ASSIGNMENT:
Only the lines from the start of the entries through the line with "h / 2 \<le> 1" are wanted; please output them exactly.

Stored data:
--- START ---
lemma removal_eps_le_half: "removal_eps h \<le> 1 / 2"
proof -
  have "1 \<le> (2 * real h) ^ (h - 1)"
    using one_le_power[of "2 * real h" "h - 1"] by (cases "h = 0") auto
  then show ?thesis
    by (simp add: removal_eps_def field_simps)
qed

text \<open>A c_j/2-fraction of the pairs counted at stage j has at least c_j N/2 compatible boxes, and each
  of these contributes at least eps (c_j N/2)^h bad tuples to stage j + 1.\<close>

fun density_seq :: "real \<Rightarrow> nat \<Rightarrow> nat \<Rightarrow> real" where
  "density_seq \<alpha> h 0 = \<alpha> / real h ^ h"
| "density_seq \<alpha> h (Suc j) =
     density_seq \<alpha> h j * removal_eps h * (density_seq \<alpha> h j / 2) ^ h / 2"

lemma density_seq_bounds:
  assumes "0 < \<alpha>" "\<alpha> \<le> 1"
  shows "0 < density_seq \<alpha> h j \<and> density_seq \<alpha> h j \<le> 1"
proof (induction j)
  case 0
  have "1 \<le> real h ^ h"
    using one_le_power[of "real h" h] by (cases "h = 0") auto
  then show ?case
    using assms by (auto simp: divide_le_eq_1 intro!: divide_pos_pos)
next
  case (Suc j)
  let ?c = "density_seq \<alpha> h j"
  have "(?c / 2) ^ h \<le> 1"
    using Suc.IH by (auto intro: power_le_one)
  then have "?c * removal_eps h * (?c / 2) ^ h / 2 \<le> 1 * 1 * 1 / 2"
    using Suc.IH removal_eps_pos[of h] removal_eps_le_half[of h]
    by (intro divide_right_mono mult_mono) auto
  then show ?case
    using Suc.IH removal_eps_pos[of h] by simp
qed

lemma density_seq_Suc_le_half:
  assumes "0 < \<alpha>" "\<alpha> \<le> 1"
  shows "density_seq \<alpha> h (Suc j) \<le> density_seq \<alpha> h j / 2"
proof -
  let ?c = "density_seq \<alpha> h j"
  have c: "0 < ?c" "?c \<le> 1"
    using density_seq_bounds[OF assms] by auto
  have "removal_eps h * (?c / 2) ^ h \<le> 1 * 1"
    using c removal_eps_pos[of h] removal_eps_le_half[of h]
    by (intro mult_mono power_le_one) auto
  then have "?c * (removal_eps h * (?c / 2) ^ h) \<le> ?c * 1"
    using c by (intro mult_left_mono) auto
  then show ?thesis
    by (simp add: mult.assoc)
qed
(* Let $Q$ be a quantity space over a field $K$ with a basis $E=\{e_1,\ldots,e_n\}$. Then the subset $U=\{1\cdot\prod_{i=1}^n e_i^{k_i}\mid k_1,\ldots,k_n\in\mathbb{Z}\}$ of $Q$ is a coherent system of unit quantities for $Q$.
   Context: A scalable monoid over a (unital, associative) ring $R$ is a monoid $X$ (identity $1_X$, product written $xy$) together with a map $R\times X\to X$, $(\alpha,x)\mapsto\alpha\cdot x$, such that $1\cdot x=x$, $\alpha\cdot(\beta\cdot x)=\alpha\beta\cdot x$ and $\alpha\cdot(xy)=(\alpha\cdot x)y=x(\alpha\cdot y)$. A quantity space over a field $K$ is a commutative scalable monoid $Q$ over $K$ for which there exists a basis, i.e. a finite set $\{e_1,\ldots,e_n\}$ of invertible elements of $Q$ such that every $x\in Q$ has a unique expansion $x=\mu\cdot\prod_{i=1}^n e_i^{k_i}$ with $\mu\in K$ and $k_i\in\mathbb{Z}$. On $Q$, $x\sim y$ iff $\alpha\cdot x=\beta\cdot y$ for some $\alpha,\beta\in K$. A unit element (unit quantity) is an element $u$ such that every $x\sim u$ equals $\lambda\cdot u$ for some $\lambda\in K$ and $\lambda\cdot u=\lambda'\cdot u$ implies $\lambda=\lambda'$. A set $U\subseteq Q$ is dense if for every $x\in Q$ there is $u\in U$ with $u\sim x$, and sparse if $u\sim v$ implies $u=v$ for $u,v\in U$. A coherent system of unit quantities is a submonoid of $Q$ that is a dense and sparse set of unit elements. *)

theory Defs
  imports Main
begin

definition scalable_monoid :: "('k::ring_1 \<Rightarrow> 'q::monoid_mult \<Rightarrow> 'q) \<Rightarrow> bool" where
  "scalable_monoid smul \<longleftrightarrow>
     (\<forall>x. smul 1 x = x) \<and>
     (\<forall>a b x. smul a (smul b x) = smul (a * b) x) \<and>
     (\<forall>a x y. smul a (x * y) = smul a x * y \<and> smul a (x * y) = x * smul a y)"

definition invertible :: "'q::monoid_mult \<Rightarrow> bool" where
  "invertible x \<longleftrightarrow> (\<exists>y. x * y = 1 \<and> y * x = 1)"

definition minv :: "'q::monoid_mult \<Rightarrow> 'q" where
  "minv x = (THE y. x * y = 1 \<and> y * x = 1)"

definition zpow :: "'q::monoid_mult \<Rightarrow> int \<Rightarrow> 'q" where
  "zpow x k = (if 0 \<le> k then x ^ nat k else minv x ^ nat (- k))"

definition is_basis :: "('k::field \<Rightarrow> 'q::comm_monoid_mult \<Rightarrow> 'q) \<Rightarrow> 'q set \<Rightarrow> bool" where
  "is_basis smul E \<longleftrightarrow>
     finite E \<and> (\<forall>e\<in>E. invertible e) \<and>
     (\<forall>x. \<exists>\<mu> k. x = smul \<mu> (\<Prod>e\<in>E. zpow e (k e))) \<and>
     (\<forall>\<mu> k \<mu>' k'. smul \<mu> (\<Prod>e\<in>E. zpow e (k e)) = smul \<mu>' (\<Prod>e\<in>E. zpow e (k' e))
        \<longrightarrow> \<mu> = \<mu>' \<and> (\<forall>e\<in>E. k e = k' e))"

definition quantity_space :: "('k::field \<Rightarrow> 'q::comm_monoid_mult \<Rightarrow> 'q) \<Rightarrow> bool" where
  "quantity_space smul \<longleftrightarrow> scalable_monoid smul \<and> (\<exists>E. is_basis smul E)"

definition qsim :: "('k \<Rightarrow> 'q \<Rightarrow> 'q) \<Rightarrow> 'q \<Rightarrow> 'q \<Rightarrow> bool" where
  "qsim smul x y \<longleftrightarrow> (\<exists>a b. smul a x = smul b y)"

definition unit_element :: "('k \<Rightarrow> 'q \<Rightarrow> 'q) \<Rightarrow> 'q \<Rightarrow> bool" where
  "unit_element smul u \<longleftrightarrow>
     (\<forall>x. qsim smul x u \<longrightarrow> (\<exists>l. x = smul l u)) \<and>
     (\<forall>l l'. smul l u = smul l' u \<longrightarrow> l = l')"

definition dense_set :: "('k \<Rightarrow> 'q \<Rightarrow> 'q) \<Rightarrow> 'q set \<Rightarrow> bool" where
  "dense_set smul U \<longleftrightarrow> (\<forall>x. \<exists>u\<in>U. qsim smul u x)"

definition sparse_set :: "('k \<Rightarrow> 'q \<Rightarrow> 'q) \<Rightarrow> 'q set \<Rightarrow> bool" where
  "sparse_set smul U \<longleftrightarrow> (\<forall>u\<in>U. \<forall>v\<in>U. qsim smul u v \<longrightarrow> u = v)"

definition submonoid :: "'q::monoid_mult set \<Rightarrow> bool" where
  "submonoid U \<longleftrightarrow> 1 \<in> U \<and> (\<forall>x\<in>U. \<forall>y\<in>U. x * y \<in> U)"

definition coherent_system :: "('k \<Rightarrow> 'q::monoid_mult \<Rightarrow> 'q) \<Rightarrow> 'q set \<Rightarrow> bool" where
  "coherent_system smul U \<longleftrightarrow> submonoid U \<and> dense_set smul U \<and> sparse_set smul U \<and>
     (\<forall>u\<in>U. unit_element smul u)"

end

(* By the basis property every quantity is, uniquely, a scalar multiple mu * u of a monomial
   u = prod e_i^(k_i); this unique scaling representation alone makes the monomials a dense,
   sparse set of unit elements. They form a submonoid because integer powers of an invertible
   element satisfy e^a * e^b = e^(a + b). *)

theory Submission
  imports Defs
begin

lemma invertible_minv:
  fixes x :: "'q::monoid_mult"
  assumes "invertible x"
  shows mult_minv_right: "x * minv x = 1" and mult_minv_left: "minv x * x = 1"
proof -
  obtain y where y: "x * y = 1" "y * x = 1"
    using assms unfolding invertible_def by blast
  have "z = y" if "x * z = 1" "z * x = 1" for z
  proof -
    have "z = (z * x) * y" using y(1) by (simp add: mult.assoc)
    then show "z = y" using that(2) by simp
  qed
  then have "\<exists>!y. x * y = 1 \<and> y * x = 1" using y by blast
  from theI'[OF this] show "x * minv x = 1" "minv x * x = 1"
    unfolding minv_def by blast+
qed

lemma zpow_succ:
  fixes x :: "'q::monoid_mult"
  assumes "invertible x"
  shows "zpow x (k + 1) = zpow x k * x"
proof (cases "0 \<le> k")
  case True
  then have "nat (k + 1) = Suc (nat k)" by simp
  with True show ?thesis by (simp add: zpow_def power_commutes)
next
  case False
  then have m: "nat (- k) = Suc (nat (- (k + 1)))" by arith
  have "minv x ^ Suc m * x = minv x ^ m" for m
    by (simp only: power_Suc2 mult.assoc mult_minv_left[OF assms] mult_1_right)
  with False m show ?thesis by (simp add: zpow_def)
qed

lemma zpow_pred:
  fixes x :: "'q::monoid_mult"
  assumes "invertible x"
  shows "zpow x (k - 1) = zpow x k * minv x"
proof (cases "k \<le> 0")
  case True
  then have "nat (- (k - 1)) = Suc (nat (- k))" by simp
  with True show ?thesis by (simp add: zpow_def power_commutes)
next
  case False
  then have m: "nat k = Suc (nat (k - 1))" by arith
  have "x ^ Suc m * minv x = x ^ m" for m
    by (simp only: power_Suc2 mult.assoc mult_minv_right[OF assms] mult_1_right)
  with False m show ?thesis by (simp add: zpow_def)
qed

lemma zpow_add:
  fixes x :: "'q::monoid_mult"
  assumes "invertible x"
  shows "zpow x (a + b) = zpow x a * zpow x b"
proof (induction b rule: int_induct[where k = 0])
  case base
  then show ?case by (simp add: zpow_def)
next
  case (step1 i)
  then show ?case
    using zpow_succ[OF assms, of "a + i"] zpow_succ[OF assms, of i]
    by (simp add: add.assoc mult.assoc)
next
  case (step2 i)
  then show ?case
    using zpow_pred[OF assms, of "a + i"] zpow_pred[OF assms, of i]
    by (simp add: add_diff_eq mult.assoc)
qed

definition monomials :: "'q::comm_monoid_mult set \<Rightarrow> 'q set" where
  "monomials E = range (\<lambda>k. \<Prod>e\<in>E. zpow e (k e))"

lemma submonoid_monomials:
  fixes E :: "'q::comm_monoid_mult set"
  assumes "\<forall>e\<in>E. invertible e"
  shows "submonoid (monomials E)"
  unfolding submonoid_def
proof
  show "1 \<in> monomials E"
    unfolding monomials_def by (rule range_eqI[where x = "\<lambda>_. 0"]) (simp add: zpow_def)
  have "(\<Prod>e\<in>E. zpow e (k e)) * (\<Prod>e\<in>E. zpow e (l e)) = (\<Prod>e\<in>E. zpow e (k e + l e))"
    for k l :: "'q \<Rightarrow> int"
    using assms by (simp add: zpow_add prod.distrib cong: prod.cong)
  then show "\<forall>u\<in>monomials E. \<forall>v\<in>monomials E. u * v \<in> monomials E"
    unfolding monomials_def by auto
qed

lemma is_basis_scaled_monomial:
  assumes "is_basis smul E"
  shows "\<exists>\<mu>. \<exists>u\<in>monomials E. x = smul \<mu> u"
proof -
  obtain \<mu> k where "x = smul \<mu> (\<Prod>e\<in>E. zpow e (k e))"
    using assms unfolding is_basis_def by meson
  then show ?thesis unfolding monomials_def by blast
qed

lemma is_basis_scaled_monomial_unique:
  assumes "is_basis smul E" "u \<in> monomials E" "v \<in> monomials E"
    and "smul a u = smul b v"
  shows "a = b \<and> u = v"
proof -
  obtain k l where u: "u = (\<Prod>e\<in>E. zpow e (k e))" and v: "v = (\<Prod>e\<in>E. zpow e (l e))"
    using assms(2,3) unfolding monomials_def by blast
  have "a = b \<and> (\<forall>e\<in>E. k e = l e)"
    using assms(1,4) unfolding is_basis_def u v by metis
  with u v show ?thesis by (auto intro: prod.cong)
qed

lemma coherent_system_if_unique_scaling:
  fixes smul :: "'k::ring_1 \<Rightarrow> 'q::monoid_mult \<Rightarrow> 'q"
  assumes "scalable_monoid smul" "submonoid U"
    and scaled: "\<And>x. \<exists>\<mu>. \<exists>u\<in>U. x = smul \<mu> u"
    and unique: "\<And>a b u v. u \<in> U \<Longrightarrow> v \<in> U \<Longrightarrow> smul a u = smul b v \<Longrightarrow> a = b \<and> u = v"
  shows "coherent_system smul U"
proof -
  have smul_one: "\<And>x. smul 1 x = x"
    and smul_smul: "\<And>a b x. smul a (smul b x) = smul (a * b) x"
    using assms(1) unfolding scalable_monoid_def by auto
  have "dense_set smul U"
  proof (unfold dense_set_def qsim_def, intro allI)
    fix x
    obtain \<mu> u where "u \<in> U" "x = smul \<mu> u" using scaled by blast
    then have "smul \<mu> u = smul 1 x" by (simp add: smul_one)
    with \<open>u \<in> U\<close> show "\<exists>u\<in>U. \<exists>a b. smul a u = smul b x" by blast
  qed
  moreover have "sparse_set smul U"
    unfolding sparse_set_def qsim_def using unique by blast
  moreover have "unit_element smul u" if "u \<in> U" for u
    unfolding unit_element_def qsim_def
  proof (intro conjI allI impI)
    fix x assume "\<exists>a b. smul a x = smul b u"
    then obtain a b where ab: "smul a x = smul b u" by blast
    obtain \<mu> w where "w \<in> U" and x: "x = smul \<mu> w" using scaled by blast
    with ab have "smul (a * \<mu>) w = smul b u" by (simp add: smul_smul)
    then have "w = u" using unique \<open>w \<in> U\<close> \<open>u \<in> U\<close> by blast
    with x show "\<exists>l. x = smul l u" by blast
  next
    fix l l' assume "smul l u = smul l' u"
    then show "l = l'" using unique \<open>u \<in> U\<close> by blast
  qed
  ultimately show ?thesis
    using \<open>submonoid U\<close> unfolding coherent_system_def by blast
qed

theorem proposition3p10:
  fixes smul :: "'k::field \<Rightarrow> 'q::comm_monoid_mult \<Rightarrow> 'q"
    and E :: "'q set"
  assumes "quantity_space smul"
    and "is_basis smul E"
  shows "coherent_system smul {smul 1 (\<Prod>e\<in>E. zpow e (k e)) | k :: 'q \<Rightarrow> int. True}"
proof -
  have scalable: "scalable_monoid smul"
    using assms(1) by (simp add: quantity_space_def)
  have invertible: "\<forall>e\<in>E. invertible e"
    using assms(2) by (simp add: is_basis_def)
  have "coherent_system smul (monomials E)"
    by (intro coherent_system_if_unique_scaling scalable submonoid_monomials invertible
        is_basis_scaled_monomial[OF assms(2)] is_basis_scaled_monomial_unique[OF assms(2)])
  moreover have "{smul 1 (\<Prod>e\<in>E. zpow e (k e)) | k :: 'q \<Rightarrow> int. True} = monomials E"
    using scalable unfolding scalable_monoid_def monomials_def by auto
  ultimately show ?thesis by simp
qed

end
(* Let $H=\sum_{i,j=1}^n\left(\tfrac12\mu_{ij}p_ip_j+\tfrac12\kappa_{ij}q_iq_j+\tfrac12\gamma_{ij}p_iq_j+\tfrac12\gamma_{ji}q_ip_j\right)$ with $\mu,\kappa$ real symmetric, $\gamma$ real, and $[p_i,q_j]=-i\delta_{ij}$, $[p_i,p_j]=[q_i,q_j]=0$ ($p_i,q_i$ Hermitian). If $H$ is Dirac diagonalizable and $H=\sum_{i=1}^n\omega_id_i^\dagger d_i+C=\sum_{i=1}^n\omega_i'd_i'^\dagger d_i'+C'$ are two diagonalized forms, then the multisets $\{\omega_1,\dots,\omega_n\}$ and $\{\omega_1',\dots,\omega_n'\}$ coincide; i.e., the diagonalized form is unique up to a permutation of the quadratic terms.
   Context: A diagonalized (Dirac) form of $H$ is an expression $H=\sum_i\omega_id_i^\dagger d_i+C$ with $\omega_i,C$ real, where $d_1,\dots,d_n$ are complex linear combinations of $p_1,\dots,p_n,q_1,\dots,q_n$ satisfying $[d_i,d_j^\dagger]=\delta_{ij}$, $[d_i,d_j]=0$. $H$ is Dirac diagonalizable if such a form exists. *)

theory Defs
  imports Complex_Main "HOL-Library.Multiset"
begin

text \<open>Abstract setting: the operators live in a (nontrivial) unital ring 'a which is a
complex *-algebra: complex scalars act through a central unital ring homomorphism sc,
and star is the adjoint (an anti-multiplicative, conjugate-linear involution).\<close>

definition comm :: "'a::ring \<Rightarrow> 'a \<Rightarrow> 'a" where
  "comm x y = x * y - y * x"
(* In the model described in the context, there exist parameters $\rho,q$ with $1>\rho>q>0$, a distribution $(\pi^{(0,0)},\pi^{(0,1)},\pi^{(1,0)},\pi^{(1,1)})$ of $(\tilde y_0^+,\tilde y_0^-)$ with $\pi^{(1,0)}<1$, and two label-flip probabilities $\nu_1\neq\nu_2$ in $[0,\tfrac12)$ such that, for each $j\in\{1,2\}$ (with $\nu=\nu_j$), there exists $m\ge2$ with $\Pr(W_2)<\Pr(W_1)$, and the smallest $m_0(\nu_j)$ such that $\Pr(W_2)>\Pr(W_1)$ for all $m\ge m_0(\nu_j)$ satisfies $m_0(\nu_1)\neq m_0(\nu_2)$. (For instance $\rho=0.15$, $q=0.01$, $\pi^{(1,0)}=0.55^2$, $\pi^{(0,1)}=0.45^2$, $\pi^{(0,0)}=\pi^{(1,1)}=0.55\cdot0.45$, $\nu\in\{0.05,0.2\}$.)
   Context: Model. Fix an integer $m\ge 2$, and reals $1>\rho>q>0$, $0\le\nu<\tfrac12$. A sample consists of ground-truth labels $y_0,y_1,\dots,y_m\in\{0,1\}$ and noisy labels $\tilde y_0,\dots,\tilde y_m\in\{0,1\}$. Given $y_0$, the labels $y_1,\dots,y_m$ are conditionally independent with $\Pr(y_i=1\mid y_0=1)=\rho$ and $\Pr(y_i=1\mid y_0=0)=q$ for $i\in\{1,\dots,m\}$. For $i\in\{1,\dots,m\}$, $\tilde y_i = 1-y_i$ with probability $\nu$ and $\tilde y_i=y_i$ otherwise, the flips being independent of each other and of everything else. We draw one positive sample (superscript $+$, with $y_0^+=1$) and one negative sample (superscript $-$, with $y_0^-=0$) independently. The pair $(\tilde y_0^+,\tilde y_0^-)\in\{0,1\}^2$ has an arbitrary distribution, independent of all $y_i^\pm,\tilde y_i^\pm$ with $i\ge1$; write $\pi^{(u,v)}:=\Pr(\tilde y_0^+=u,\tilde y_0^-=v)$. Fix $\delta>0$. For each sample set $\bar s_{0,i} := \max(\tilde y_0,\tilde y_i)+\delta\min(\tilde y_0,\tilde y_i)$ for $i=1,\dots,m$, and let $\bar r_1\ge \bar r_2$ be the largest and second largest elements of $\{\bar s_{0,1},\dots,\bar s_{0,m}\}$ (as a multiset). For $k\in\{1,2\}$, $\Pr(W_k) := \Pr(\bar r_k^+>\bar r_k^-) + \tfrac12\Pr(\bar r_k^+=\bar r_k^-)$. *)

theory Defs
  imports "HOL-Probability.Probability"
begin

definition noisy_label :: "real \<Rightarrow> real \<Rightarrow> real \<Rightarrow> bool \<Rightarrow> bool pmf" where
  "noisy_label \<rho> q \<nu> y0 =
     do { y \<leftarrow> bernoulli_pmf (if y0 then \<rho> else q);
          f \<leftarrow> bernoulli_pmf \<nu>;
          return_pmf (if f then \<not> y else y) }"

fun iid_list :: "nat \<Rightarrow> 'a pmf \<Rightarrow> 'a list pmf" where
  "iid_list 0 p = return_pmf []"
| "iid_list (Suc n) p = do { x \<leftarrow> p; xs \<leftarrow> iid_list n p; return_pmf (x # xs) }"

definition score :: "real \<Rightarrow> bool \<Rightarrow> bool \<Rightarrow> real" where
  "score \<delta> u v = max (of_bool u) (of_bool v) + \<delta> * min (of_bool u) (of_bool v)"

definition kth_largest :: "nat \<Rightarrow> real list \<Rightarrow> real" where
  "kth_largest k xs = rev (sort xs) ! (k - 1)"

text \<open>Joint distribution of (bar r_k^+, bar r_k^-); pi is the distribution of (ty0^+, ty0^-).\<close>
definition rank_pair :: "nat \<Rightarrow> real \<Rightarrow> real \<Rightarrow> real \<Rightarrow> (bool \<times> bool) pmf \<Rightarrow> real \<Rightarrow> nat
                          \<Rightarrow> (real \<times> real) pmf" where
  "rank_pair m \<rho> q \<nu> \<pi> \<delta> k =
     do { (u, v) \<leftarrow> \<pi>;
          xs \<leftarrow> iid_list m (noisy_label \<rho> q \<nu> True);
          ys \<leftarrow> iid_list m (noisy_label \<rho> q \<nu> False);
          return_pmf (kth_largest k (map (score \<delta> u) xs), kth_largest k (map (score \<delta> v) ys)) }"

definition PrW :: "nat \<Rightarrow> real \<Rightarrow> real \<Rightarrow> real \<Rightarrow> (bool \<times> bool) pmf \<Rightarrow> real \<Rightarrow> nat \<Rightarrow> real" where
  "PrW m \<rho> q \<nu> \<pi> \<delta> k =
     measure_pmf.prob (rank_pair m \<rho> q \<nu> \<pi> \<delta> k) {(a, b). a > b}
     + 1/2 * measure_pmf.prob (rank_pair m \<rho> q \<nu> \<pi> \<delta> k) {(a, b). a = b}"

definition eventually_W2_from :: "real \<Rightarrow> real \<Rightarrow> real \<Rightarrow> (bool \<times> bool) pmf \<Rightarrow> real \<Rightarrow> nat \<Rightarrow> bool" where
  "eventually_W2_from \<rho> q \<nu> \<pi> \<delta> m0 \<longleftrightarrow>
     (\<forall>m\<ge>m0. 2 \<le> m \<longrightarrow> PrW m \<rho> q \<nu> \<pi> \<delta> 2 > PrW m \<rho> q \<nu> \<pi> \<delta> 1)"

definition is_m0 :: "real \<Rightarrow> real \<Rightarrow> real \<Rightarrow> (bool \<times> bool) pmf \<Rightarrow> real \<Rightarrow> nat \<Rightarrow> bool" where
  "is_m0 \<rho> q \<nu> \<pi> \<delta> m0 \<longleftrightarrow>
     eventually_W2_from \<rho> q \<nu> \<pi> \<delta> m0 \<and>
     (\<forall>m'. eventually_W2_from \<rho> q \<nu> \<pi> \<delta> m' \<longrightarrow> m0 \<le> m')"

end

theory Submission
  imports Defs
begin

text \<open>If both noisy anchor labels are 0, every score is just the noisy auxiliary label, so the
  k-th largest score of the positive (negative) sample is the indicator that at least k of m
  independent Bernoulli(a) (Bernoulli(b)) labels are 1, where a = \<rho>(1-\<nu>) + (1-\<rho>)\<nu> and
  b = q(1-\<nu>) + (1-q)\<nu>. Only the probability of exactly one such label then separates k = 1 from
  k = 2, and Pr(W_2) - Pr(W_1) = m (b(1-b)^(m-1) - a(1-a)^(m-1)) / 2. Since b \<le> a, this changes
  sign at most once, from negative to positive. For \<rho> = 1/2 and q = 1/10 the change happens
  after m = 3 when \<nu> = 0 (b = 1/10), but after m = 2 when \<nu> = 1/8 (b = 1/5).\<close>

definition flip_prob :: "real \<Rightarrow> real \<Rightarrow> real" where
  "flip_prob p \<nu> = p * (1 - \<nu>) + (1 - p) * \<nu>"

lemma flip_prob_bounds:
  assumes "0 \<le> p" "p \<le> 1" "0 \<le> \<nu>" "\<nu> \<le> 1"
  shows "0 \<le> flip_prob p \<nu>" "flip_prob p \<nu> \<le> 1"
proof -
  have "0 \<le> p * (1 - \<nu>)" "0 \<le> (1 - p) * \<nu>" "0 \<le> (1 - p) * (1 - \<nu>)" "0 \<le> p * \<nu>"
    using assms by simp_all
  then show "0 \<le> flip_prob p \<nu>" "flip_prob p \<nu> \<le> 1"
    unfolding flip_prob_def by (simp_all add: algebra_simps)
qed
--- END ---
SOLVED PROBLEM:
lemma removal_eps_le_half: "removal_eps h \<le> 1 / 2"
proof -
  have "1 \<le> (2 * real h) ^ (h - 1)"
    using one_le_power[of "2 * real h" "h - 1"] by (cases "h = 0") auto
  then show ?thesis
    by (simp add: removal_eps_def field_simps)
qed

text \<open>A c_j/2-fraction of the pairs counted at stage j has at least c_j N/2 compatible boxes, and each
  of these contributes at least eps (c_j N/2)^h bad tuples to stage j + 1.\<close>

fun density_seq :: "real \<Rightarrow> nat \<Rightarrow> nat \<Rightarrow> real" where
  "density_seq \<alpha> h 0 = \<alpha> / real h ^ h"
| "density_seq \<alpha> h (Suc j) =
     density_seq \<alpha> h j * removal_eps h * (density_seq \<alpha> h j / 2) ^ h / 2"

lemma density_seq_bounds:
  assumes "0 < \<alpha>" "\<alpha> \<le> 1"
  shows "0 < density_seq \<alpha> h j \<and> density_seq \<alpha> h j \<le> 1"
proof (induction j)
  case 0
  have "1 \<le> real h ^ h"
    using one_le_power[of "real h" h] by (cases "h = 0") auto
  then show ?case
    using assms by (auto simp: divide_le_eq_1 intro!: divide_pos_pos)
next
  case (Suc j)
  let ?c = "density_seq \<alpha> h j"
  have "(?c / 2) ^ h \<le> 1"
    using Suc.IH by (auto intro: power_le_one)
  then have "?c * removal_eps h * (?c / 2) ^ h / 2 \<le> 1 * 1 * 1 / 2"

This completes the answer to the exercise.